WORK ITEM:
The word "longlonglongrightarrow" marks the lines you need; copy each of them from the data.

GIVEN RECORDS: Begin

theorem theorem1:
  fixes T D :: "real^'n^'n" and f :: "real^('n+'n)"
  assumes T_sym: "transpose T = T"
    and T_pd: "\<And>x. x \<noteq> 0 \<Longrightarrow> x \<bullet> (T *v x) > 0"
    and D_diag: "\<And>i j. i \<noteq> j \<Longrightarrow> D$i$j = 0"
    and D_nonneg: "\<And>i. D$i$i \<ge> 0"
  defines "lmax \<equiv> Max {D$i$i | i. True}"
  shows "bigR T D = bigT T + bigD D
    \<and> (\<exists>!xs. bigR T D *v xs = f)
    \<and> (\<forall>\<omega> (x :: nat \<Rightarrow> real^('n+'n)) (xh :: nat \<Rightarrow> real^('n+'n)).
           \<omega> > 0 \<longrightarrow>
           (\<forall>k. (\<omega> *\<^sub>R mat 1 + bigT T) *v xh k = (\<omega> *\<^sub>R mat 1 - bigD D) *v x k + f) \<longrightarrow>
           (\<forall>k. (\<omega> *\<^sub>R mat 1 + bigD D) *v x (Suc k) = (\<omega> *\<^sub>R mat 1 - bigT T) *v xh k + f) \<longrightarrow>
           x \<longlonglongrightarrow> (THE xs. bigR T D *v xs = f))
    \<and> (\<forall>\<omega>. \<omega> > 0 \<longrightarrow>
           spectral_radius (bigL \<omega> T D) \<le> sqrt (((\<omega> - 1)\<^sup>2 + lmax\<^sup>2) / ((\<omega> + 1)\<^sup>2 + lmax\<^sup>2))
         \<and> sqrt (((\<omega> - 1)\<^sup>2 + lmax\<^sup>2) / ((\<omega> + 1)\<^sup>2 + lmax\<^sup>2)) < 1)"
proof -
  note lmax = Max_diagonal_bounds[OF D_nonneg, folded lmax_def]
  have T_skew: "transpose (bigT T) = - bigT T"
    by (rule transpose_bigT[OF T_sym])
  have ex1: "\<exists>!xs. bigR T D *v xs = f"
    by (rule invertible_ex1_solution[OF invertible_bigR[OF T_sym D_diag]])
  have sol: "(bigT T + bigD D) *v (THE xs. bigR T D *v xs = f) = f"
    using theI'[OF ex1] by (simp add: bigR_eq_bigT_plus_bigD)
  have contraction: "norm ((\<omega> *\<^sub>R mat 1 - bigD D) *v e)
      \<le> contraction_factor \<omega> lmax * norm ((\<omega> *\<^sub>R mat 1 + bigD D) *v e)" if "\<omega> > 0" for \<omega> e
    by (rule bigD_contraction[OF D_diag lmax(1) that])
  have inv_S: "invertible (\<omega> *\<^sub>R mat 1 + bigD D)" if "\<omega> > 0" for \<omega>
    using invertible_shifted_bigD[OF D_diag, of \<omega>] that by simp
  show ?thesis
    unfolding contraction_factor_def[symmetric]
  proof (intro conjI allI impI)
    show "bigR T D = bigT T + bigD D" and "\<exists>!xs. bigR T D *v xs = f"
      by (rule bigR_eq_bigT_plus_bigD, rule ex1)
  next
    fix \<omega> :: real and x xh :: "nat \<Rightarrow> real^('n+'n)"
    assume \<omega>: "\<omega> > 0"
      and "\<forall>k. (\<omega> *\<^sub>R mat 1 + bigT T) *v xh k = (\<omega> *\<^sub>R mat 1 - bigD D) *v x k + f"
      and "\<forall>k. (\<omega> *\<^sub>R mat 1 + bigD D) *v x (Suc k) = (\<omega> *\<^sub>R mat 1 - bigT T) *v xh k + f"
    then show "x \<longlonglongrightarrow> (THE xs. bigR T D *v xs = f)"
      by (intro adi_iteration_tendsto[OF T_skew _ contraction[OF \<omega>] contraction_factor_nonneg
            contraction_factor_less_one[OF \<omega>] inv_S[OF \<omega>] sol]) simp_all
  next
    fix \<omega> :: real
    assume \<omega>: "\<omega> > 0"
    show "spectral_radius (bigL \<omega> T D) \<le> contraction_factor \<omega> lmax"
      unfolding bigL_def bigF_def bigG_def using \<omega>
      by (intro spectral_radius_le adi_eigenvalue_bound[OF T_skew _ _ contraction[OF \<omega>]
            contraction_factor_nonneg inv_S[OF \<omega>]]) simp_all
    show "contraction_factor \<omega> lmax < 1"
      using \<omega> by (rule contraction_factor_less_one)
  qed
qed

GIVEN RECORDS: End

RESULT:
           x \<longlonglongrightarrow> (THE xs. bigR T D *v xs = f))
    then show "x \<longlonglongrightarrow> (THE xs. bigR T D *v xs = f)"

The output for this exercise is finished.